“My husband and I really love the lifestyle here and there are excellent physiotherapy researchers in Australia,” the new Professor of Physiotherapy at Flinders University says.
“Despite the fact that you’re so far away, the physiotherapy researchers here have a really high international profile.”
Professor Lennon moved to Adelaide earlier this year to head the discipline of physiotherapy at Flinders from the University of Ulster in Belfast, where she had worked as a Reader in Rehabilitation, specialising in neurological rehabilitation, for the past 18 years.
Now based in the Health Sciences building at the Repatriation General Hospital, Professor Lennon is responsible for the new Masters of Physiotherapy, a two-year graduate entry degree which marked its first intake of 20 students in February.
“It’s all very exciting, a new country, new course, new people and learning the Flinders way,” Professor Lennon says.
There are some changes in terminology to master: “You have a penchant for abbreviation which can get confusing, but I’m really enjoying it at Flinders,” she said.
“We have a great team with three senior academics who are very research active and experienced in teaching at a postgraduate and international level, and there’s a great cohort of students here.”
Advancing the discipline and promoting “inter-professional practice” are high on the agenda for Professor Lennon, as well as ensuring the course is well-established and accredited by the Australian Physiotherapy Council.
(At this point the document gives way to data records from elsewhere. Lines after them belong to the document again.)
(* Let $G$ be an additive abelian group and let $S\subseteq G$ be a pointed reflection subspace of $G$. (i)(a) For every subset $T\subseteq S$, the set $S_T:=S\cap\langle T\rangle$ is a pointed reflection subspace of the group $\langle T\rangle$. In particular, if $G$ is torsion free and $T$ is finite, then $S_T$ is a semilattice in $\langle T\rangle$. (i)(b) Let $\mathcal M_S$ denote the set of all finite subsets of $S$, directed by inclusion. Then $S$ is the direct union of the family $\{S_T\}_{T\in\mathcal M_S}$. (ii) Let $\mathcal S$ be a family of subsets of $G$ which is a directed set under inclusion, such that each $S'\in\mathcal S$ is a pointed reflection subspace of its $\mathbb Z$-span $\langle S'\rangle$ in $G$. If $G=\bigcup_{S'\in\mathcal S}\langle S'\rangle$, then the direct union $\bigcup_{S'\in\mathcal S}S'$ is a pointed reflection subspace of $G$.
   Context: For a subset $X$ of an abelian group, $\langle X\rangle$ denotes the subgroup generated by $X$. A symmetric reflection subspace of an abelian group $H$ is a subset $S\subseteq H$ with $\langle S\rangle=H$ and $S-2S\subseteq S$; it is a pointed reflection subspace if moreover $0\in S$. If $H$ is free abelian of finite rank, a pointed reflection subspace of $H$ is called a semilattice in $H$. A set $C$ is the direct union of a family $\{C_i\}_{i\in I}$ of subsets of $C$, directed under inclusion, if $C=\bigcup_{i\in I}C_i$. *)

theory Defs
  imports Main
begin

text \<open>Additive abelian group: a type of class ab_group_add; G is UNIV.\<close>

definition subgroup_add :: "'a::ab_group_add set \<Rightarrow> bool" where
  "subgroup_add H \<longleftrightarrow> 0 \<in> H \<and> (\<forall>x\<in>H. \<forall>y\<in>H. x - y \<in> H)"

definition gen :: "'a::ab_group_add set \<Rightarrow> 'a set" where
  "gen X = \<Inter>{H. subgroup_add H \<and> X \<subseteq> H}"

definition nsmul :: "nat \<Rightarrow> 'a::ab_group_add \<Rightarrow> 'a" where
  "nsmul n x = (\<Sum>i<n. x)"

definition zsmul :: "int \<Rightarrow> 'a::ab_group_add \<Rightarrow> 'a" where
  "zsmul k x = (if k \<ge> 0 then nsmul (nat k) x else - nsmul (nat (- k)) x)"

definition torsion_free :: "'a::ab_group_add itself \<Rightarrow> bool" where
  "torsion_free _ \<longleftrightarrow> (\<forall>(x::'a) n. n > 0 \<and> nsmul n x = 0 \<longrightarrow> x = 0)"

definition free_abelian_finite_rank :: "'a::ab_group_add set \<Rightarrow> bool" where
  "free_abelian_finite_rank H \<longleftrightarrow>
     (\<exists>B. finite B \<and> B \<subseteq> H \<and> gen B = H \<and>
        (\<forall>c::'a \<Rightarrow> int. (\<Sum>b\<in>B. zsmul (c b) b) = 0 \<longrightarrow> (\<forall>b\<in>B. c b = 0)))"

definition symmetric_reflection_subspace :: "'a::ab_group_add set \<Rightarrow> 'a set \<Rightarrow> bool" where
  "symmetric_reflection_subspace H S \<longleftrightarrow>
     S \<subseteq> H \<and> gen S = H \<and> (\<forall>x\<in>S. \<forall>y\<in>S. x - (y + y) \<in> S)"

definition pointed_reflection_subspace :: "'a::ab_group_add set \<Rightarrow> 'a set \<Rightarrow> bool" where
  "pointed_reflection_subspace H S \<longleftrightarrow> symmetric_reflection_subspace H S \<and> 0 \<in> S"

definition semilattice_in :: "'a::ab_group_add set \<Rightarrow> 'a set \<Rightarrow> bool" where
  "semilattice_in H S \<longleftrightarrow> free_abelian_finite_rank H \<and> pointed_reflection_subspace H S"
lemma fourth_order_oscillator_periodic:
  fixes y :: "nat \<Rightarrow> real \<Rightarrow> 'a::real_inner"
  assumes chain: "derivative_chain y"
    and eq: "\<And>t. y 4 t = - (\<alpha>\<^sup>2 + \<beta>\<^sup>2) *\<^sub>R y 2 t - (\<alpha>\<^sup>2 * \<beta>\<^sup>2) *\<^sub>R y 0 t"
    and \<alpha>: "\<alpha> > 0" and \<beta>: "\<beta> > 0" and "\<alpha> \<noteq> \<beta>"
    and "\<alpha> / \<beta> \<in> \<rat>"
  shows "\<exists>T>0. \<forall>t. y 0 (t + T) = y 0 t"
proof -
  have "\<alpha> \<noteq> 0" "\<beta> \<noteq> 0"
    using \<alpha> \<beta> by auto
  obtain n m :: int where m: "m > 0" and nm: "\<alpha> / \<beta> = of_int n / of_int m"
    using \<open>\<alpha> / \<beta> \<in> \<rat>\<close> by (auto elim!: Rats_cases')
  define T where "T = 2 * pi * of_int m / \<beta>"
  have "\<alpha> * T = 2 * pi * of_int m * (\<alpha> / \<beta>)"
    by (simp add: T_def)
  also have "\<dots> = 2 * pi * of_int n"
    using m nm by simp
  finally have "\<alpha> * T = 2 * pi * of_int n" .
  have "\<beta> * T = 2 * pi * of_int m"
    using \<beta> by (simp add: T_def)
  have eq': "y 4 t = - (\<beta>\<^sup>2 + \<alpha>\<^sup>2) *\<^sub>R y 2 t - (\<beta>\<^sup>2 * \<alpha>\<^sup>2) *\<^sub>R y 0 t" for t
    by (simp add: eq add.commute mult.commute)
  have component_\<alpha>: "y 2 (t + T) + \<beta>\<^sup>2 *\<^sub>R y 0 (t + T) = y 2 t + \<beta>\<^sup>2 *\<^sub>R y 0 t" for t
    unfolding fourth_order_oscillator_component[OF chain eq' \<open>\<alpha> \<noteq> 0\<close>, of "t + T"]
      fourth_order_oscillator_component[OF chain eq' \<open>\<alpha> \<noteq> 0\<close>, of t]
    by (rule harmonic_shift[OF \<open>\<alpha> * T = 2 * pi * of_int n\<close>])
  have component_\<beta>: "y 2 (t + T) + \<alpha>\<^sup>2 *\<^sub>R y 0 (t + T) = y 2 t + \<alpha>\<^sup>2 *\<^sub>R y 0 t" for t
    unfolding fourth_order_oscillator_component[OF chain eq \<open>\<beta> \<noteq> 0\<close>, of "t + T"]
      fourth_order_oscillator_component[OF chain eq \<open>\<beta> \<noteq> 0\<close>, of t]
    by (rule harmonic_shift[OF \<open>\<beta> * T = 2 * pi * of_int m\<close>])
  have difference: "(\<alpha>\<^sup>2 - \<beta>\<^sup>2) *\<^sub>R y 0 s = (y 2 s + \<alpha>\<^sup>2 *\<^sub>R y 0 s) - (y 2 s + \<beta>\<^sup>2 *\<^sub>R y 0 s)" for s
    by (simp add: algebra_simps)
  have "(\<alpha>\<^sup>2 - \<beta>\<^sup>2) *\<^sub>R y 0 (t + T) = (\<alpha>\<^sup>2 - \<beta>\<^sup>2) *\<^sub>R y 0 t" for t
    by (simp only: difference component_\<alpha> component_\<beta>)
  moreover have "\<alpha>\<^sup>2 \<noteq> \<beta>\<^sup>2"
    using \<alpha> \<beta> \<open>\<alpha> \<noteq> \<beta>\<close> by (simp add: power2_eq_iff_nonneg)
  ultimately have "y 0 (t + T) = y 0 t" for t
    by simp
  moreover have "T > 0"
    using \<beta> m by (simp add: T_def)
  ultimately show ?thesis
    by blast
qed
“I think there’s a great future for physiotherapy at Flinders because of the expertise of the course team, the calibre of students and the potential to expand inter-professional education.
“When you work in a hospital you have to work with doctors, nurses, social workers, speech therapists and many other allied health professionals, but you can’t just expect that it’s going to work well.
“So what I want to do is embody the aspect of inter-professional practice into the curriculum at the start so that by the time students get into the workforce it becomes second nature.
“Of course the other big focus is to promote working in rural and remote areas; we want to ensure that as many of our students as possible experience rural and remote practice in Alice Springs, Darwin and country settings too.”
With expertise in exercise therapy in neurological rehabilitation, Professor Lennon is currently finishing off a study with Ulster on a new group therapy for people with multiple sclerosis, and leading Ulster’s involvement in AVERT – a worldwide study of early mobilisation after stroke involving nine countries and more than 50 clinical sites, including Flinders Medical Centre.